lemma ascent_density_Suc:
  assumes "z \<le> L2" "L2 \<le> U" "L3 \<le> L2" "L2 \<le> lam 1" "L2 = lam (s + 2)"
  shows "(\<Sum>y<min (Suc U) z. ascent_density a b lam s y) * row_weight a b L2 L3 z =
    b ^ Suc s * a ^ (lam 1 - max z L3) * pascal_pair b (Suc s) z"
proof -
  have "(\<Sum>y<min (Suc U) z. ascent_density a b lam s y) = (\<Sum>y<z. b ^ s * a ^ (lam 1 - L2) * pascal_pair b s y)"
    using assms by (intro sum.cong) (auto simp: ascent_density_def max_def)
  also have "\<dots> = b ^ s * a ^ (lam 1 - L2) * pascal_pair b (Suc s) z"
    by (simp add: sum_distrib_left[symmetric] sum_pascal_pair)
  finally have partial: "(\<Sum>y<min (Suc U) z. ascent_density a b lam s y) =
      b ^ s * a ^ (lam 1 - L2) * pascal_pair b (Suc s) z" .
  show ?thesis
  proof (cases "z = 0")
    case True
    then show ?thesis using partial by (simp add: pascal_pair_def)
  next
    case False
    have "lam 1 - max z L3 = (lam 1 - L2) + (L2 - max z L3)" using assms by simp
    then show ?thesis using partial False by (simp add: row_weight_def power_add)
  qed
qed

lemma ascent_sum_eq_Aentry:
  assumes "\<And>i j. 1 \<le> i \<Longrightarrow> i \<le> j \<Longrightarrow> j \<le> s + t + 2 \<Longrightarrow> lam j \<le> lam i"
  shows "ascent_sum a b t (ascent_density a b lam s) (lam (s + 1)) (\<lambda>i. lam (i + (s + 1))) =
    Aentry lam a b 1 (s + t + 1)"
  using assms
proof (induction t arbitrary: s)
  case 0
  then show ?case using sum_ascent_density[of lam s a b] by simp
next
  case (Suc t)
  have dec: "lam (s + 2) \<le> lam (s + 1)" "lam (s + 3) \<le> lam (s + 2)" "lam (s + 2) \<le> lam 1"
    using Suc.prems by auto
  have "ascent_sum a b (Suc t) (ascent_density a b lam s) (lam (s + 1)) (\<lambda>i. lam (i + (s + 1))) =
      ascent_sum a b t
        (\<lambda>z. (\<Sum>y<min (Suc (lam (s + 1))) z. ascent_density a b lam s y) *
               row_weight a b (lam (s + 2)) (lam (s + 3)) z)
        (lam (Suc s + 1)) (\<lambda>i. lam (i + (Suc s + 1)))"
    by (simp add: numeral_eq_Suc add.commute)
  also have "\<dots> = ascent_sum a b t (ascent_density a b lam (Suc s)) (lam (Suc s + 1))
      (\<lambda>i. lam (i + (Suc s + 1)))"
    by (rule ascent_sum_cong)
      (use ascent_density_Suc[of _ "lam (s + 2)" "lam (s + 1)" "lam (s + 3)" lam s a b] dec
        in \<open>simp add: ascent_density_def numeral_eq_Suc\<close>)
  also have "\<dots> = Aentry lam a b 1 (Suc s + t + 1)"
    by (rule Suc.IH) (use Suc.prems in auto)
  finally show ?case by simp
qed

lemma chain_total_first_row_expansion:
  assumes "\<And>i j. 1 \<le> i \<Longrightarrow> i \<le> j \<Longrightarrow> j \<le> m + 2 \<Longrightarrow> lam j \<le> lam i"
  shows "chain_total a b (Suc m) lam =
    (\<Sum>j\<le>m. (-1)^j * Aentry lam a b 1 (j + 1) * chain_total a b (m - j) (\<lambda>i. lam (i + (j + 1))))"
proof -
  have first_row: "row_weight a b (lam 1) (lam 2) = ascent_density a b lam 0"
    by (intro ext) (simp add: row_weight_def ascent_density_def pascal_pair_def cbinom_def numeral_2_eq_2)
  have ascent: "ascent_sum a b j (ascent_density a b lam 0) (lam 1) (\<lambda>i. lam (Suc i)) = Aentry lam a b 1 (j + 1)"
    if "j \<le> m" for j
    using ascent_sum_eq_Aentry[of 0 j lam a b] that assms by simp
  have "chain_total a b (Suc m) lam =
      (\<Sum>v\<le>lam 1. row_weight a b (lam 1) (lam 2) v * chain_sum a b m (\<lambda>i. lam (Suc i)) v)"
    by (simp add: chain_total_def)
  also have "\<dots> = (\<Sum>j\<le>m. (-1)^j * ascent_sum a b j (ascent_density a b lam 0) (lam 1) (\<lambda>i. lam (Suc i)) *
      chain_total a b (m - j) (\<lambda>i. lam (Suc (i + j))))"
    unfolding first_row by (rule chain_sum_ascent_expansion)
  also have "\<dots> = (\<Sum>j\<le>m. (-1)^j * Aentry lam a b 1 (j + 1) * chain_total a b (m - j) (\<lambda>i. lam (i + (j + 1))))"
    by (intro sum.cong refl) (use ascent in \<open>auto simp: ac_simps\<close>)
  finally show ?thesis .
qed

section \<open>The determinant\<close>

lemma det_hessenberg_first_row:
  fixes F :: "nat \<Rightarrow> nat \<Rightarrow> 'a::comm_ring_1"
  assumes "\<And>i. F (Suc i) i = 1" and "\<And>i j. Suc j < i \<Longrightarrow> F i j = 0"
  shows "det (mat (Suc m) (Suc m) (\<lambda>(i, j). if i = 0 then G j else F i j)) =
    (\<Sum>j\<le>m. (-1)^j * G j * det (mat (m - j) (m - j) (\<lambda>(i, j'). F (i + Suc j) (j' + Suc j))))"
  using assms
proof (induction m arbitrary: F G)
  case 0
  let ?A = "mat (Suc 0) (Suc 0) (\<lambda>(i, j). if i = 0 then G j else F i j)"
  have A: "?A \<in> carrier_mat (Suc 0) (Suc 0)" by simp
  have "det ?A = ?A $$ (0, 0) * cofactor ?A 0 0"
    using laplace_expansion_column[OF A, of 0] by simp
  also have "\<dots> = G 0"
    using mat_delete_carrier[OF A, of 0 0] by (simp add: cofactor_def)
  finally show ?case by simp
next
  case (Suc m)
  let ?A = "mat (Suc (Suc m)) (Suc (Suc m)) (\<lambda>(i, j). if i = 0 then G j else F i j)"
  have A: "?A \<in> carrier_mat (Suc (Suc m)) (Suc (Suc m))" by simp
  have "det ?A = (\<Sum>i<Suc (Suc m). ?A $$ (i, 0) * cofactor ?A i 0)"
    by (rule laplace_expansion_column[OF A]) simp
  also have "\<dots> = (\<Sum>i\<in>{0, 1}. ?A $$ (i, 0) * cofactor ?A i 0)"
    by (rule sum.mono_neutral_right) (use Suc.prems in auto)
  finally have laplace: "det ?A = ?A $$ (0, 0) * cofactor ?A 0 0 + ?A $$ (1, 0) * cofactor ?A 1 0"
    by simp
  have minor00: "mat_delete ?A 0 0 = mat (Suc m) (Suc m) (\<lambda>(i, j). F (Suc i) (Suc j))"
    by (rule eq_matI) (auto simp: mat_delete_def)
  have minor10: "mat_delete ?A 1 0 =
      mat (Suc m) (Suc m) (\<lambda>(i, j). if i = 0 then G (Suc j) else F (Suc i) (Suc j))"
    by (rule eq_matI) (auto simp: mat_delete_def)
  have "det ?A = G 0 * det (mat (Suc m) (Suc m) (\<lambda>(i, j). F (Suc i) (Suc j))) -
     (\<Sum>j\<le>m. (-1)^j * G (Suc j) *
        det (mat (m - j) (m - j) (\<lambda>(i, j'). F (Suc (i + Suc j)) (Suc (j' + Suc j)))))"
    using laplace minor00 minor10 Suc.prems
      Suc.IH[where F="\<lambda>i j. F (Suc i) (Suc j)" and G="\<lambda>j. G (Suc j)"]
    by (simp add: cofactor_def)
  also have "\<dots> = (\<Sum>j\<le>Suc m. (-1)^j * G j *
      det (mat (Suc m - j) (Suc m - j) (\<lambda>(i, j'). F (i + Suc j) (j' + Suc j))))"
    by (subst sum.atMost_Suc_shift) (simp add: sum_negf[symmetric])
  finally show ?case .
qed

━━━━━━━━━━━━━━━━━━━━

Search the material above for "auto". Copy each line that has it.

:: Answer to this exercise ::
    using assms by (intro sum.cong) (auto simp: ascent_density_def max_def)
    using Suc.prems by auto
    by (rule Suc.IH) (use Suc.prems in auto)
    by (intro sum.cong refl) (use ascent in \<open>auto simp: ac_simps\<close>)
    by (rule sum.mono_neutral_right) (use Suc.prems in auto)
    by (rule eq_matI) (auto simp: mat_delete_def)
    by (rule eq_matI) (auto simp: mat_delete_def)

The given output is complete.